§ **INFORMATION GIVEN**:
lemma card_admissible_maps_permute_deal:
  assumes g: "bij_betw g (deck m tau) (deck m tau)" and H: "is_deal m tau H"
  shows "card (admissible_maps d m tau (permute_deal g H) :: (nat \<Rightarrow> nat \<Rightarrow> 'f::{finite,field}) set)
       = card (admissible_maps d m tau H :: (nat \<Rightarrow> nat \<Rightarrow> 'f) set)"
proof (rule antisym)
  let ?g' = "inv_into (deck m tau) g"
  have g': "bij_betw ?g' (deck m tau) (deck m tau)" using g by (rule bij_betw_inv_into)
  have "permute_deal g H 0 \<subseteq> deck m tau"
    using hand_subset_deck[OF is_deal_permute_deal[OF g H]] .
  from card_admissible_maps_permute_deal_le[where H="permute_deal g H", OF g' this]
  show "card (admissible_maps d m tau H :: (nat \<Rightarrow> nat \<Rightarrow> 'f) set)
      \<le> card (admissible_maps d m tau (permute_deal g H) :: (nat \<Rightarrow> nat \<Rightarrow> 'f) set)"
    using permute_deal_inv_into(1)[OF g hand_subset_deck[OF H]] by simp
qed (rule card_admissible_maps_permute_deal_le[where H=H, OF g hand_subset_deck[OF H]])

lemma admissible_maps_shear_conjugate:
  fixes f :: "nat \<Rightarrow> nat \<Rightarrow> 'f::field"
  assumes f: "bij_betw f (deck m tau) (vecs (Suc d))" and u: "u \<in> vecs d"
    and conj: "\<And>x. x \<in> deck m tau \<Longrightarrow> f (g x) = shear d u s (f x)"
    and H: "is_deal m tau H"
  shows "f \<in> admissible_maps d m tau (permute_deal g H) \<longleftrightarrow> f \<in> admissible_maps d m tau H"
    and "f \<in> admissible_maps d m tau H \<Longrightarrow> max_execution d m (permute_deal g H) f = max_execution d m H f"
proof -
  let ?T = "shear d u s" and ?V = "vecs (Suc d) - f ` H 0"
  have image: "f ` permute_deal g H k = ?T ` f ` H k" for k
    unfolding permute_deal_def image_image using hand_subset_deck[OF H] conj
    by (intro image_cong) auto
  have f_hand: "f ` H k \<subseteq> vecs (Suc d)" for k
    using f hand_subset_deck[OF H] by (auto dest: bij_betwE)
  have complement: "vecs (Suc d) - f ` permute_deal g H 0 = ?T ` ?V"
  proof -
    have "?T ` ?V = ?T ` vecs (Suc d) - ?T ` f ` H 0"
      by (rule inj_on_image_set_diff[where C="vecs (Suc d)"])
         (use bij_betw_shear[of d u s] f_hand[of 0] in \<open>auto simp: bij_betw_def\<close>)
    then show ?thesis using bij_betw_shear[of d u s] image[of 0] unfolding bij_betw_def by simp
  qed
  show admissible: "f \<in> admissible_maps d m tau (permute_deal g H) \<longleftrightarrow> f \<in> admissible_maps d m tau H"
    using transversal_shear_image_iff[OF u Diff_subset[of "vecs (Suc d)" "f ` H 0"], of s]
    by (simp add: admissible_maps_def complement)
  assume "f \<in> admissible_maps d m tau H"
  then have V: "transversal_hyperplane d ?V" unfolding admissible_maps_def by simp
  have projections: "proj_down d (?T ` ?V) ` ?T ` f ` H k = proj_down d ?V ` f ` H k"
    if "k \<in> {1..m}" for k
  proof -
    have "H k \<inter> H 0 = {}" using H that unfolding is_deal_def by auto
    then have "f ` H k \<inter> f ` H 0 = {}"
      using f hand_subset_deck[OF H] unfolding bij_betw_def by (metis image_empty inj_on_image_Int)
    then have "f ` H k \<subseteq> ?V" using f_hand by blast
    then show ?thesis
      unfolding image_image using proj_down_shear[OF u V] by (intro image_cong) auto
  qed
  show "max_execution d m (permute_deal g H) f = max_execution d m H f"
    unfolding max_execution_def complement unfolding image
    by (intro arg_cong[where f="Cons (TMap f)"] map_cong refl arg_cong[where f=TSet] projections) auto
qed
(* Let $n\in\mathbb{N}$ and for $c\in\mathbb{R}$ let \[ D_{2n}(z;c) = \prod_{j=1}^{2n}[z-(j-1)] + (-1)^n c, \quad z\in\mathbb{C}. \] Let $\alpha_1(c),\dots,\alpha_{2n}(c)$ be the roots of $D_{2n}(\cdot;c)$ (with multiplicity), labelled so that each $\alpha_j(c)$ is a continuous function of $c\in\mathbb{R}$ and $\Re(\alpha_1(c))\leq \cdots\leq\Re(\alpha_{2n}(c))$ for all $c\in\mathbb{R}$. Then for $j\in\{1,\dots,2n\}$, \[ \lim_{c\to+\infty}\Re(\alpha_j(c)) = \begin{cases} -\infty, & 1\leq j\leq n,\\ +\infty, & n+1\leq j\leq 2n,\end{cases} \] and \[ \lim_{c\to-\infty}\Re(\alpha_j(c)) = \begin{cases} -\infty, & 1\leq j\leq n-1,\\ n-(1/2), & n\leq j\leq n+1,\\ +\infty, & n+2\leq j\leq 2n.\end{cases} \] *)

theory Defs
  imports "HOL-Analysis.Analysis" "HOL-Computational_Algebra.Computational_Algebra"
begin

definition Dpoly :: "nat \<Rightarrow> real \<Rightarrow> complex poly" where
  "Dpoly n c = (\<Prod>j\<in>{1..2*n}. [:- of_nat (j - 1), 1:]) + [:(-1) ^ n * complex_of_real c:]"

end

theory Submission
  imports Defs
begin
lemma brk_add_left:
  assumes x: "lin_op x" and y: "lin_op y" and z: "lin_op z"
  shows "brk (x + y) z = brk x z + brk y (z :: 'k::field op)"
proof
  fix f :: "'k grass"
  show "brk (x + y) z f = (brk x z + brk y z) f"
    using lin_opD[OF x] lin_opD[OF y] lin_opD[OF z] lin_op_zero_arg[OF z]
    by (cases "f \<in> Lam") (simp_all add: brk_def)
qed

lemma brk_scl_left:
  assumes x: "lin_op x" and z: "lin_op z"
  shows "brk (scl c x) z = scl c (brk x (z :: 'k::field op))"
proof
  fix f :: "'k grass"
  show "brk (scl c x) z f = scl c (brk x z) f"
  proof (cases "f \<in> Lam")
    case True
    then show ?thesis
      using lin_opD(4)[OF z lin_opD(2)[OF x True]]
      by (simp add: brk_def scl_def fun_eq_iff right_diff_distrib)
  next
    case False
    then show ?thesis
      using lin_opD(1)[OF x False] lin_opD(1)[OF z False]
        lin_opD(1)[OF lin_op_scl[OF lin_op_brk[OF x z]] False]
        lin_op_zero_arg[OF lin_op_scl[OF x]] lin_op_zero_arg[OF z]
      by (simp add: brk_def scl_def zero_fun_def[symmetric])
  qed
qed

lemma sq_scl:
  assumes b: "lin_op b"
  shows "sq (scl c b) = scl (c * c) (sq (b :: 'a::field op))"
proof
  fix f :: "'a grass"
  show "sq (scl c b) f = scl (c * c) (sq b) f"
  proof (cases "f \<in> Lam")
    case True
    then show ?thesis
      using lin_opD(4)[OF b lin_opD(2)[OF b True]] by (simp add: sq_def scl_def mult.assoc)
  next
    case False
    then show ?thesis
      using lin_opD(1)[OF b False] lin_op_zero_arg[OF b]
      by (simp add: sq_def scl_def zero_fun_def[symmetric])
  qed
qed
(* Let $n\ge1$, $\nu\ge1$ be integers and $\delta\in\{0,1,2\}$. Then: (1) If $[\vec a]$ is a vertex of $\mathcal{O}^{(2\nu+\delta)}_{2^n}$, then $|\{[\vec b]\in\mathcal{V}(\mathcal{O}^{(2\nu+\delta)}_{2^n}):[\pi(\vec a)]=[\pi(\vec b)]\}|=2^{(n-1)(2\nu+\delta-2)}$. (2) $[\vec a]$ and $[\vec b]$ are adjacent vertices in $\mathcal{O}^{(2\nu+\delta)}_{2^n}$ if and only if $[\pi(\vec a)]$ and $[\pi(\vec b)]$ are adjacent vertices in $\mathcal{O}^{(2\nu+\delta)}_{2}$. (3) If $[\pi(\vec a)]$ and $[\pi(\vec b)]$ are adjacent vertices in $\mathcal{O}^{(2\nu+\delta)}_{2}$, then $[\vec a+\vec m_1]$ and $[\vec b+\vec m_2]$ are adjacent vertices in $\mathcal{O}^{(2\nu+\delta)}_{2^n}$ for all $\vec m_1,\vec m_2\in(2\mathbb{Z}_{2^n})^{2\nu+\delta}$ such that $(\vec a+\vec m_1)G_{2\nu+\delta,\Delta}(\vec a+\vec m_1)^t=(\vec b+\vec m_2)G_{2\nu+\delta,\Delta}(\vec b+\vec m_2)^t=0$.
   Context: Let $V^{2\nu+\delta}$ be the set of tuples $\vec a=(a_1,\ldots,a_{2\nu+\delta})\in(\mathbb{Z}_{2^n})^{2\nu+\delta}$ such that some $a_i$ is a unit of $\mathbb{Z}_{2^n}$. Write $\vec a\sim\vec b$ if $\vec a=\lambda\vec b$ for some $\lambda\in\mathbb{Z}_{2^n}^\times$, let $[\vec a]$ denote the equivalence class and $V^{2\nu+\delta}_\sim$ the set of classes. Let $G_{2\nu+\delta,\Delta}=\begin{pmatrix}0&I_\nu&\\ &0&\\ &&\Delta\end{pmatrix}$ over $\mathbb{Z}_{2^n}$ (first two block sizes $\nu$, unspecified blocks zero), where $\Delta$ is empty if $\delta=0$, $\Delta=(1)$ if $\delta=1$, and $\Delta=\begin{pmatrix}z&1\\0&z\end{pmatrix}$ if $\delta=2$, with $z$ a fixed unit of $\mathbb{Z}_{2^n}$. The orthogonal graph $\mathcal{O}^{(2\nu+\delta)}_{2^n}$ has vertex set $\mathcal{V}(\mathcal{O}^{(2\nu+\delta)}_{2^n})=\{[\vec a]\in V^{2\nu+\delta}_\sim:\vec a\,G_{2\nu+\delta,\Delta}\,\vec a^t=0\}$, with $[\vec a]$ adjacent to $[\vec b]$ iff $\vec a(G_{2\nu+\delta,\Delta}+G_{2\nu+\delta,\Delta}^t)\vec b^t\in\mathbb{Z}_{2^n}^\times$. $\mathcal{O}^{(2\nu+\delta)}_{2}$ denotes the same construction with $n=1$ (using the reduction of $G_{2\nu+\delta,\Delta}$ mod $2$). $\pi:\mathbb{Z}_{2^n}\to\mathbb{Z}_2$ is reduction mod $2$, applied componentwise to tuples. *)

theory Defs
  imports Main "HOL-Computational_Algebra.Primes"
begin

text \<open>Elements of Z_q are represented by integers in {0..<q}; tuples of length N
  by functions nat => int that are zero outside the index range {0..<N}.\<close>

definition vecs :: "int \<Rightarrow> nat \<Rightarrow> (nat \<Rightarrow> int) set" where
  "vecs q N = {a. (\<forall>i<N. 0 \<le> a i \<and> a i < q) \<and> (\<forall>i. N \<le> i \<longrightarrow> a i = 0)}"

definition units_mod :: "int \<Rightarrow> int set" where
  "units_mod q = {u. 0 \<le> u \<and> u < q \<and> coprime u q}"

definition Vset :: "int \<Rightarrow> nat \<Rightarrow> (nat \<Rightarrow> int) set" where
  "Vset q N = {a \<in> vecs q N. \<exists>i<N. coprime (a i) q}"

definition smult :: "int \<Rightarrow> int \<Rightarrow> (nat \<Rightarrow> int) \<Rightarrow> (nat \<Rightarrow> int)" where
  "smult q c a = (\<lambda>i. (c * a i) mod q)"

definition vadd :: "int \<Rightarrow> (nat \<Rightarrow> int) \<Rightarrow> (nat \<Rightarrow> int) \<Rightarrow> (nat \<Rightarrow> int)" where
  "vadd q a b = (\<lambda>i. (a i + b i) mod q)"

definition cls :: "int \<Rightarrow> nat \<Rightarrow> (nat \<Rightarrow> int) \<Rightarrow> (nat \<Rightarrow> int) set" where
  "cls q N a = {b \<in> Vset q N. \<exists>c \<in> units_mod q. a = smult q c b}"

definition pi2 :: "(nat \<Rightarrow> int) \<Rightarrow> (nat \<Rightarrow> int)" where
  "pi2 a = (\<lambda>i. a i mod 2)"

definition evens :: "int \<Rightarrow> nat \<Rightarrow> (nat \<Rightarrow> int) set" where
  "evens q N = {m \<in> vecs q N. \<forall>i<N. even (m i)}"

text \<open>The matrix G_{2nu+delta,Delta} (integer entries; reduced mod q when used),
  indices 0-based.\<close>
definition Gmat :: "nat \<Rightarrow> nat \<Rightarrow> int \<Rightarrow> nat \<Rightarrow> nat \<Rightarrow> int" where
  "Gmat nu delta z i j =
     (if i < nu \<and> j = nu + i then 1
      else if delta = 1 \<and> i = 2*nu \<and> j = 2*nu then 1
      else if delta = 2 \<and> i = 2*nu \<and> j = 2*nu then z
      else if delta = 2 \<and> i = 2*nu + 1 \<and> j = 2*nu + 1 then z
      else if delta = 2 \<and> i = 2*nu \<and> j = 2*nu + 1 then 1
      else 0)"

definition form :: "int \<Rightarrow> nat \<Rightarrow> (nat \<Rightarrow> nat \<Rightarrow> int) \<Rightarrow> (nat \<Rightarrow> int) \<Rightarrow> (nat \<Rightarrow> int) \<Rightarrow> int" where
  "form q N M a b = (\<Sum>i<N. \<Sum>j<N. a i * M i j * b j) mod q"

definition verts :: "int \<Rightarrow> nat \<Rightarrow> (nat \<Rightarrow> nat \<Rightarrow> int) \<Rightarrow> (nat \<Rightarrow> int) set set" where
  "verts q N G = {cls q N a | a. a \<in> Vset q N \<and> form q N G a a = 0}"

definition adjacent :: "int \<Rightarrow> nat \<Rightarrow> (nat \<Rightarrow> nat \<Rightarrow> int) \<Rightarrow> (nat \<Rightarrow> int) set \<Rightarrow> (nat \<Rightarrow> int) set \<Rightarrow> bool" where
  "adjacent q N G A B \<longleftrightarrow> A \<in> verts q N G \<and> B \<in> verts q N G \<and>
     (\<exists>a\<in>A. \<exists>b\<in>B. coprime (form q N (\<lambda>i j. G i j + G j i) a b) q)"

end

theory Submission
  imports Defs "HOL-Number_Theory.Cong" "HOL-Library.FuncSet"
begin

(*
  Evaluate Q(x) = x G x^t and B(x, y) = x (G + G^t) y^t over the integers. The units of
  Z_(2^n) are the odd residues, so [a] and [b] are adjacent exactly when B(a, b) is odd,
  a condition on a and b modulo 2 only; this gives (2) and (3).

  For (1), the form on the block Delta is anisotropic modulo 2, so a vertex has an odd
  coordinate a_j in the hyperbolic part. Scaling by a unit normalises a_j = 1, which selects
  one representative per class. If k is the hyperbolic partner of j, then
  Q(x) = x_k x_j + (terms free of x_k), so once x_j = 1 the condition Q(x) = 0 determines
  x_k modulo 2^n from the other coordinates, while each of the remaining N - 2 coordinates
  is any of the 2^(n-1) lifts of its residue modulo 2.
*)

section \<open>The form as an integer double sum\<close>

definition bilin :: "nat \<Rightarrow> (nat \<Rightarrow> nat \<Rightarrow> int) \<Rightarrow> (nat \<Rightarrow> int) \<Rightarrow> (nat \<Rightarrow> int) \<Rightarrow> int" where
  "bilin N M a b = (\<Sum>i<N. \<Sum>j<N. a i * M i j * b j)"
lemma exists_large_preimage:
  assumes "s > 0"
  obtains w where "w > v" "f w = s"
proof
  define X where "X = repeat_block b 1 1 s"
  have "f X = s"
    using f_repeat_block[of 1 1 s] base_ge_2 fs_1 by (simp add: X_def)
  then have "X \<ge> 1"
    using assms by (cases X) auto
  have "v < b ^ v"
    using base_ge_2 by (rule less_power_self)
  also have "\<dots> \<le> X * b ^ v"
    using \<open>X \<ge> 1\<close> by simp
  finally show "v < X * b ^ v" .
  show "f (X * b ^ v) = s"
    using \<open>f X = s\<close> f_mult_power by simp
qed

lemma exists_value_in_residue_class:
  assumes "coprime b n" "m < b" "coprime (int (fs m) - int m) (int n)" "n * fs m \<le> s"
  obtains M where "f M = s" "[M = r] (mod n)"
proof -
  have "n > 0"
    using assms(1) base_ge_2 by (cases n) auto
  define K where "K = totient n"
  have "K \<ge> 1"
    using \<open>n > 0\<close> by (simp add: K_def Suc_le_eq)
  have b_K: "[b ^ K = 1] (mod n)"
    unfolding K_def using assms(1) by (rule euler_theorem)
  obtain t2 where "t2 < n" and t2_cong: "[(int (fs m) - int m) * int t2 = int s - int r] (mod int n)"
    using cong_solve_coprime_bounded[OF assms(3) \<open>n > 0\<close>] by blast
  have "t2 * fs m \<le> s"
    using \<open>t2 < n\<close> assms(4) by (meson le_trans less_imp_le_nat mult_le_mono1)
  define t1 where "t1 = s - t2 * fs m"
  define M where "M = repeat_block b K 1 t1 * b ^ (K * t2) + repeat_block b K m t2"
  have "m < b ^ K"
    using assms(2) base_le_power[OF \<open>K \<ge> 1\<close>] by simp
  then have "f M = f (repeat_block b K 1 t1) + f (repeat_block b K m t2)"
    unfolding M_def by (intro f_mult_power_add repeat_block_less)
  also have "\<dots> = s"
    using f_repeat_block \<open>K \<ge> 1\<close> assms(2) base_ge_2 fs_1 \<open>t2 * fs m \<le> s\<close> by (simp add: t1_def)
  finally have "f M = s" .
  have "[b ^ (K * t2) = 1] (mod n)"
    using cong_pow[OF b_K, of t2] by (simp add: power_mult)
  then have "[M = t1 * 1 * 1 + t2 * m] (mod n)"
    unfolding M_def by (intro cong_add cong_mult repeat_block_cong b_K)
  then have "[int M = int t1 + int t2 * int m] (mod int n)"
    by (simp flip: cong_int_iff)
  moreover have "int t1 + int t2 * int m = int s - (int (fs m) - int m) * int t2"
    using \<open>t2 * fs m \<le> s\<close> by (simp add: t1_def of_nat_diff algebra_simps)
  ultimately have "[int M = int s - (int s - int r)] (mod int n)"
    using t2_cong by (metis cong_diff cong_refl cong_trans)
  then have "[M = r] (mod n)"
    by (simp flip: cong_int_iff)
  with \<open>f M = s\<close> that show thesis
    by blast
qed
lemma frame_operator_normalize_one:
  assumes "finite I" "I \<noteq> {}" "(\<Sum>k\<in>I. sqnorm (v k)) = card I"
  obtains i w where "i \<in> I" "sqnorm (w i) = 1" "frame_operator w I = frame_operator v I"
    "(\<Sum>k\<in>I. sqnorm (w k)) = card I"
proof -
  have "\<exists>i\<in>I. 1 \<le> sqnorm (v i)"
  proof (rule ccontr)
    assume "\<not> ?thesis"
    then have "(\<Sum>k\<in>I. sqnorm (v k)) < (\<Sum>k\<in>I. 1)"
      using assms(1,2) by (intro sum_strict_mono) auto
    then show False
      using assms(3) by simp
  qed
  moreover have "\<exists>j\<in>I. sqnorm (v j) \<le> 1"
  proof (rule ccontr)
    assume "\<not> ?thesis"
    then have "(\<Sum>k\<in>I. 1) < (\<Sum>k\<in>I. sqnorm (v k))"
      using assms(1,2) by (intro sum_strict_mono) auto
    then show False
      using assms(3) by simp
  qed
  ultimately obtain i j where i: "i \<in> I" "1 \<le> sqnorm (v i)" and j: "j \<in> I" "sqnorm (v j) \<le> 1"
    by blast
  show thesis
  proof (cases "i = j")
    case True
    then show thesis
      using that[of i v] i j assms(3) by simp
  next
    case False
    obtain c s where cs: "c\<^sup>2 + s\<^sup>2 = 1"
      and unit: "sqnorm (smul (of_real c) (v i) + smul (of_real s) (v j)) = 1"
      using exists_unit_rotation[OF j(2) i(2)] by blast
    define w where "w = v(i := smul (of_real c) (v i) + smul (of_real s) (v j),
                          j := smul (of_real (- s)) (v i) + smul (of_real c) (v j))"
    have "sqnorm (w i) = 1"
      using unit False by (simp add: w_def)
    moreover have "frame_operator w I = frame_operator v I"
      unfolding frame_operator_def w_def
      using sum_fun_upd_pair[OF assms(1) i(1) j(1) False, where f = "\<lambda>z. rank_one smul ip z z _"]
        rotation_rank_one[OF cs] by simp
    moreover have "(\<Sum>k\<in>I. sqnorm (w k)) = card I"
      unfolding w_def using sum_fun_upd_pair[OF assms(1) i(1) j(1) False, where f = sqnorm]
        rotation_sqnorm[OF cs] assms(3) by simp
    ultimately show thesis
      using that i(1) by blast
  qed
qed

§ **TRY IT**:
Please give again the lines above between the line holding "(v k)) = card" and the line holding "using unit False by (simp add: w_def)", inclusive, exactly as they are and with nothing added.

§ **ANSWER TO THIS TASK**:
  assumes "finite I" "I \<noteq> {}" "(\<Sum>k\<in>I. sqnorm (v k)) = card I"
  obtains i w where "i \<in> I" "sqnorm (w i) = 1" "frame_operator w I = frame_operator v I"
    "(\<Sum>k\<in>I. sqnorm (w k)) = card I"
proof -
  have "\<exists>i\<in>I. 1 \<le> sqnorm (v i)"
  proof (rule ccontr)
    assume "\<not> ?thesis"
    then have "(\<Sum>k\<in>I. sqnorm (v k)) < (\<Sum>k\<in>I. 1)"
      using assms(1,2) by (intro sum_strict_mono) auto
    then show False
      using assms(3) by simp
  qed
  moreover have "\<exists>j\<in>I. sqnorm (v j) \<le> 1"
  proof (rule ccontr)
    assume "\<not> ?thesis"
    then have "(\<Sum>k\<in>I. 1) < (\<Sum>k\<in>I. sqnorm (v k))"
      using assms(1,2) by (intro sum_strict_mono) auto
    then show False
      using assms(3) by simp
  qed
  ultimately obtain i j where i: "i \<in> I" "1 \<le> sqnorm (v i)" and j: "j \<in> I" "sqnorm (v j) \<le> 1"
    by blast
  show thesis
  proof (cases "i = j")
    case True
    then show thesis
      using that[of i v] i j assms(3) by simp
  next
    case False
    obtain c s where cs: "c\<^sup>2 + s\<^sup>2 = 1"
      and unit: "sqnorm (smul (of_real c) (v i) + smul (of_real s) (v j)) = 1"
      using exists_unit_rotation[OF j(2) i(2)] by blast
    define w where "w = v(i := smul (of_real c) (v i) + smul (of_real s) (v j),
                          j := smul (of_real (- s)) (v i) + smul (of_real c) (v j))"
    have "sqnorm (w i) = 1"
      using unit False by (simp add: w_def)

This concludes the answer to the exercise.